====== PROVIDED RECORDS

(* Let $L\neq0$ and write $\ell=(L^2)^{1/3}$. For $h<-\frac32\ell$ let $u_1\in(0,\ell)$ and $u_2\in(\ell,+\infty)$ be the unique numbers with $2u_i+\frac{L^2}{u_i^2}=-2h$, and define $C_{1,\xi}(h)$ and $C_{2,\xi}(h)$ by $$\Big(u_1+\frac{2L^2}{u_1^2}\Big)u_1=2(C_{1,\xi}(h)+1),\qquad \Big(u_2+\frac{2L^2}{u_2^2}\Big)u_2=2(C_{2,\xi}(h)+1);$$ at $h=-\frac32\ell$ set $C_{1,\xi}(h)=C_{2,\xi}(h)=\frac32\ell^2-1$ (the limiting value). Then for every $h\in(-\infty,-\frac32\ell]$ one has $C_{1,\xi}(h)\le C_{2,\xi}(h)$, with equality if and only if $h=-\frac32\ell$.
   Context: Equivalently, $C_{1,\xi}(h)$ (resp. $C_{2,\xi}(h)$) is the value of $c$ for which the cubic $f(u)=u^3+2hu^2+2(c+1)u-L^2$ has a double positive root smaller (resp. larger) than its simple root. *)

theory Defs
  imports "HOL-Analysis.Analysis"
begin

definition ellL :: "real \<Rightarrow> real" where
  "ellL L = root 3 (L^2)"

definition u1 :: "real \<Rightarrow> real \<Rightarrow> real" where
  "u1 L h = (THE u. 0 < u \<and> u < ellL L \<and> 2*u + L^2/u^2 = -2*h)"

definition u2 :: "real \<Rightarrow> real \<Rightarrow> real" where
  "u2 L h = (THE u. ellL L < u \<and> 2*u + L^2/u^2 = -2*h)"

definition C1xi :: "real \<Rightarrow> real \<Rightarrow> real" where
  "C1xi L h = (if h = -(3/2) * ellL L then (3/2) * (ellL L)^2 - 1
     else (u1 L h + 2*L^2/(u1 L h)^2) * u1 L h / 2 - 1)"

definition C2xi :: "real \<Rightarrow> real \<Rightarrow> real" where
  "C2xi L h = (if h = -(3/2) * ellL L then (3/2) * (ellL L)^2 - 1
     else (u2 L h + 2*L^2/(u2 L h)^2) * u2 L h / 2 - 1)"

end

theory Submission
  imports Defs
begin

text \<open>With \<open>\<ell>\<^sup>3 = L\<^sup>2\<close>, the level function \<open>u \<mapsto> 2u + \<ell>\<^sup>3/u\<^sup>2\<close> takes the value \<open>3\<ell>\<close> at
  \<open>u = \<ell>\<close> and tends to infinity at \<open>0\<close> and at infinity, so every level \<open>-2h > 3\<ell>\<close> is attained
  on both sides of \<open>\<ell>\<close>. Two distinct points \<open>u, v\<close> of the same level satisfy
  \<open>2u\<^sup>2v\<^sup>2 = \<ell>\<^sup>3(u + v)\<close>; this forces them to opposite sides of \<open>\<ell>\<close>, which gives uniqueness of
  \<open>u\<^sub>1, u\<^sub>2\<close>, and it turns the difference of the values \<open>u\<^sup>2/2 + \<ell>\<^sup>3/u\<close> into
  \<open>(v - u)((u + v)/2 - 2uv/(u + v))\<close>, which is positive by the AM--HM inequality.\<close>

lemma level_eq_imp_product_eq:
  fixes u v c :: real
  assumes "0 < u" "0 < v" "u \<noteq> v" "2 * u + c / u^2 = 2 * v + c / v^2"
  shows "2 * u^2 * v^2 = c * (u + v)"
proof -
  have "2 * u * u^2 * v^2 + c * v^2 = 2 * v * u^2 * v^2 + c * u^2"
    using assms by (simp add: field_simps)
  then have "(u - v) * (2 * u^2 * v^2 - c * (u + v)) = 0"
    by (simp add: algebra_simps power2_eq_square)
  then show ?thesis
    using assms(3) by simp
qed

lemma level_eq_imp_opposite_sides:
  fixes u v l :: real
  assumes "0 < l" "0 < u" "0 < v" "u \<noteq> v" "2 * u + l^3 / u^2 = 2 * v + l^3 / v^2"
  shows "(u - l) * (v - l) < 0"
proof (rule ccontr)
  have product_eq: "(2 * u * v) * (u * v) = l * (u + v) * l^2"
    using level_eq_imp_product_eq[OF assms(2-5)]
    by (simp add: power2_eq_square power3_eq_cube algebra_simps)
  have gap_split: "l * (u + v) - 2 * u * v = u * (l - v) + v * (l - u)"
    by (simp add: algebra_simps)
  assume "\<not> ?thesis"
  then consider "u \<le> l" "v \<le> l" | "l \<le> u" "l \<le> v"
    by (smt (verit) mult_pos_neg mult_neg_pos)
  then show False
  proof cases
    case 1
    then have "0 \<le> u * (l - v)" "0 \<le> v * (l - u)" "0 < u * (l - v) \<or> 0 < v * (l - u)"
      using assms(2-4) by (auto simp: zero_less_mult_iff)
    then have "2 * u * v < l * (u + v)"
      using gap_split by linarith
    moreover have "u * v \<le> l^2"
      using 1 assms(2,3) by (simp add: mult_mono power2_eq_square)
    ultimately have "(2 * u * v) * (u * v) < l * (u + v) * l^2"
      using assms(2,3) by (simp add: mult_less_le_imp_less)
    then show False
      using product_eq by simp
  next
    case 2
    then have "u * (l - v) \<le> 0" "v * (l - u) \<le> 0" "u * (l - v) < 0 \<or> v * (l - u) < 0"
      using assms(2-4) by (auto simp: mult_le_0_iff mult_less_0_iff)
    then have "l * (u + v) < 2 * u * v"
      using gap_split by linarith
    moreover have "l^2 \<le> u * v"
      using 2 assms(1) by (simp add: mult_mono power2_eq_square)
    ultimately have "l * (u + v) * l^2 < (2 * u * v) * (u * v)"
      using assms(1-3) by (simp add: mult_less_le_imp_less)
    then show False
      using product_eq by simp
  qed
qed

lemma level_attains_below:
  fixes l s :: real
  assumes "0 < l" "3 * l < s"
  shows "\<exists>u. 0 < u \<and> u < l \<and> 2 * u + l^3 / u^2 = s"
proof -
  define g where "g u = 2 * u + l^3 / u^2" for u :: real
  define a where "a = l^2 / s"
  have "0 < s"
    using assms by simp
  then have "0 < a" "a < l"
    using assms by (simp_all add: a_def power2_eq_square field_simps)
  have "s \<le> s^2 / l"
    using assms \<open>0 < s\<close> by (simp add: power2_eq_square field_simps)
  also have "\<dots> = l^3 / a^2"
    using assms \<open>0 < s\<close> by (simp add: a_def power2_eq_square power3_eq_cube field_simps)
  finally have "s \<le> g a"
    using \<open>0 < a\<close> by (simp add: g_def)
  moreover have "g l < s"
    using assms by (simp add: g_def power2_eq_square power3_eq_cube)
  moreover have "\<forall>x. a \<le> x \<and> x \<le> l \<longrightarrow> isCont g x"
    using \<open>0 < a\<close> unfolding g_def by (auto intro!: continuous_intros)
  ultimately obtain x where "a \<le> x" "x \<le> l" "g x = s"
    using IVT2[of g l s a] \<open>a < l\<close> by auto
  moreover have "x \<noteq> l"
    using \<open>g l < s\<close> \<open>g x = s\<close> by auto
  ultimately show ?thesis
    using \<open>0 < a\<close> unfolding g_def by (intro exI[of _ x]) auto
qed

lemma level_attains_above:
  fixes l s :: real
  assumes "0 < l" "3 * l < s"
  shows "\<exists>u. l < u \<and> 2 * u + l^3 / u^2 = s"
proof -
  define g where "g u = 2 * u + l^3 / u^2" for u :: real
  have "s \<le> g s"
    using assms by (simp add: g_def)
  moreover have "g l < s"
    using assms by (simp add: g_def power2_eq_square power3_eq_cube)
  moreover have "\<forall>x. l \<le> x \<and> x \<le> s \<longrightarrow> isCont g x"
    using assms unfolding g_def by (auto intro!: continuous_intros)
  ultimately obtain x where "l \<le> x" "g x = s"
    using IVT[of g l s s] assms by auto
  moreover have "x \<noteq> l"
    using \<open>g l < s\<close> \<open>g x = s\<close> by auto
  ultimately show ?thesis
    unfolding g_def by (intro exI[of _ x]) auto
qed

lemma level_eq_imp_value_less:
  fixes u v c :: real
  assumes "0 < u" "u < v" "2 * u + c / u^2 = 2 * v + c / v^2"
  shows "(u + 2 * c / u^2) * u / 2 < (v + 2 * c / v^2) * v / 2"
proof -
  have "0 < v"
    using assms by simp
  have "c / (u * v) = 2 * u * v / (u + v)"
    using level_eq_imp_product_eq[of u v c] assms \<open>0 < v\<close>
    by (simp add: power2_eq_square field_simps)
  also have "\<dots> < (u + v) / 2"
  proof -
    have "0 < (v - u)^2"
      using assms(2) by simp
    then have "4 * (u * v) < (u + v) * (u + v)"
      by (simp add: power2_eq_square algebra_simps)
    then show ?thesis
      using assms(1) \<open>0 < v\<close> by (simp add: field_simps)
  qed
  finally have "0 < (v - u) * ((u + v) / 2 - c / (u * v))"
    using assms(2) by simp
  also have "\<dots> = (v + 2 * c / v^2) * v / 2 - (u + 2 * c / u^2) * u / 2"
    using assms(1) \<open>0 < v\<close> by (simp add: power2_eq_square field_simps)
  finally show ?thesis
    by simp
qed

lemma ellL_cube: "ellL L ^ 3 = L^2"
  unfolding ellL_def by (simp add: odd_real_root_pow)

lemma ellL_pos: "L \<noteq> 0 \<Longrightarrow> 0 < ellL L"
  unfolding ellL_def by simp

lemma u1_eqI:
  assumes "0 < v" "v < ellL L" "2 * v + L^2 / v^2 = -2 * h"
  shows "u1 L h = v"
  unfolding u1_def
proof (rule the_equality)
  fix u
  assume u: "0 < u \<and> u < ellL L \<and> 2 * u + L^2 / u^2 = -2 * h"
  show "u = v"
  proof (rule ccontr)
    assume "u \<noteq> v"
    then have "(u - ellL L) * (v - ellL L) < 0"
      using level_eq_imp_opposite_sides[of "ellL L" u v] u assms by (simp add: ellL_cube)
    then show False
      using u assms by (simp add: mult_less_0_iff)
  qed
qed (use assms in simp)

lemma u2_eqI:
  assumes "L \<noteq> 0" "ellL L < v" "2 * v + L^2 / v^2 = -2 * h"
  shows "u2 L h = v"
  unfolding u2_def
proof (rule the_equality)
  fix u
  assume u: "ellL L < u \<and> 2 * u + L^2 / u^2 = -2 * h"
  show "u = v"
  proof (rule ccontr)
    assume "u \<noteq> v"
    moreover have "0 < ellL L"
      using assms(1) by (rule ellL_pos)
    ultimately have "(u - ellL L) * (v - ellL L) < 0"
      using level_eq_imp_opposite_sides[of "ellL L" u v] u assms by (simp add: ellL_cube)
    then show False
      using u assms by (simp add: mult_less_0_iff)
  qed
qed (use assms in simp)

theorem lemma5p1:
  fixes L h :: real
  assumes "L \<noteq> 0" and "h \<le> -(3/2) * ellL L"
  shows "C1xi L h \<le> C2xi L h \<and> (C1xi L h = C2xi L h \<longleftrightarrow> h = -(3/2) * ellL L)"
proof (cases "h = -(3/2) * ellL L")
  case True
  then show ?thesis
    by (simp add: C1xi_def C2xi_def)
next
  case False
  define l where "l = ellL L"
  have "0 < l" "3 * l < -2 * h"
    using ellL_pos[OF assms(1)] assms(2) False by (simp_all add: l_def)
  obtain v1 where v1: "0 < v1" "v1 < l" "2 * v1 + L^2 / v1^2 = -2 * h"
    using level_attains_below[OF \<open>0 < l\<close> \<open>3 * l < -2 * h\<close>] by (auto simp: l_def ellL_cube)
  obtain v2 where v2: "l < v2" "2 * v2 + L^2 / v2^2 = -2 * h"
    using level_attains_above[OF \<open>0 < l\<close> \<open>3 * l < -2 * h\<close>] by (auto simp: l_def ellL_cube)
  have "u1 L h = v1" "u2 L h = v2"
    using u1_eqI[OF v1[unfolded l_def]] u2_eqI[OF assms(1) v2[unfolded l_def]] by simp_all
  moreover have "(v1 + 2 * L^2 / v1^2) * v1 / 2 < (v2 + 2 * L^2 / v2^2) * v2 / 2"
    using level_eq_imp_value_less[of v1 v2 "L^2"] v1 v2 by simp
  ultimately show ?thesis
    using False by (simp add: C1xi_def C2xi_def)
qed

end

============

- **WORK INSTRUCTION**: Only the lines from the start of the material through the line containing "on both sides" should be repeated, and they should be repeated exactly.

- **TASK RESPONSE**:
(* Let $L\neq0$ and write $\ell=(L^2)^{1/3}$. For $h<-\frac32\ell$ let $u_1\in(0,\ell)$ and $u_2\in(\ell,+\infty)$ be the unique numbers with $2u_i+\frac{L^2}{u_i^2}=-2h$, and define $C_{1,\xi}(h)$ and $C_{2,\xi}(h)$ by $$\Big(u_1+\frac{2L^2}{u_1^2}\Big)u_1=2(C_{1,\xi}(h)+1),\qquad \Big(u_2+\frac{2L^2}{u_2^2}\Big)u_2=2(C_{2,\xi}(h)+1);$$ at $h=-\frac32\ell$ set $C_{1,\xi}(h)=C_{2,\xi}(h)=\frac32\ell^2-1$ (the limiting value). Then for every $h\in(-\infty,-\frac32\ell]$ one has $C_{1,\xi}(h)\le C_{2,\xi}(h)$, with equality if and only if $h=-\frac32\ell$.
   Context: Equivalently, $C_{1,\xi}(h)$ (resp. $C_{2,\xi}(h)$) is the value of $c$ for which the cubic $f(u)=u^3+2hu^2+2(c+1)u-L^2$ has a double positive root smaller (resp. larger) than its simple root. *)

theory Defs
  imports "HOL-Analysis.Analysis"
begin

definition ellL :: "real \<Rightarrow> real" where
  "ellL L = root 3 (L^2)"

definition u1 :: "real \<Rightarrow> real \<Rightarrow> real" where
  "u1 L h = (THE u. 0 < u \<and> u < ellL L \<and> 2*u + L^2/u^2 = -2*h)"

definition u2 :: "real \<Rightarrow> real \<Rightarrow> real" where
  "u2 L h = (THE u. ellL L < u \<and> 2*u + L^2/u^2 = -2*h)"

definition C1xi :: "real \<Rightarrow> real \<Rightarrow> real" where
  "C1xi L h = (if h = -(3/2) * ellL L then (3/2) * (ellL L)^2 - 1
     else (u1 L h + 2*L^2/(u1 L h)^2) * u1 L h / 2 - 1)"

definition C2xi :: "real \<Rightarrow> real \<Rightarrow> real" where
  "C2xi L h = (if h = -(3/2) * ellL L then (3/2) * (ellL L)^2 - 1
     else (u2 L h + 2*L^2/(u2 L h)^2) * u2 L h / 2 - 1)"

end

theory Submission
  imports Defs
begin

text \<open>With \<open>\<ell>\<^sup>3 = L\<^sup>2\<close>, the level function \<open>u \<mapsto> 2u + \<ell>\<^sup>3/u\<^sup>2\<close> takes the value \<open>3\<ell>\<close> at
  \<open>u = \<ell>\<close> and tends to infinity at \<open>0\<close> and at infinity, so every level \<open>-2h > 3\<ell>\<close> is attained
  on both sides of \<open>\<ell>\<close>. Two distinct points \<open>u, v\<close> of the same level satisfy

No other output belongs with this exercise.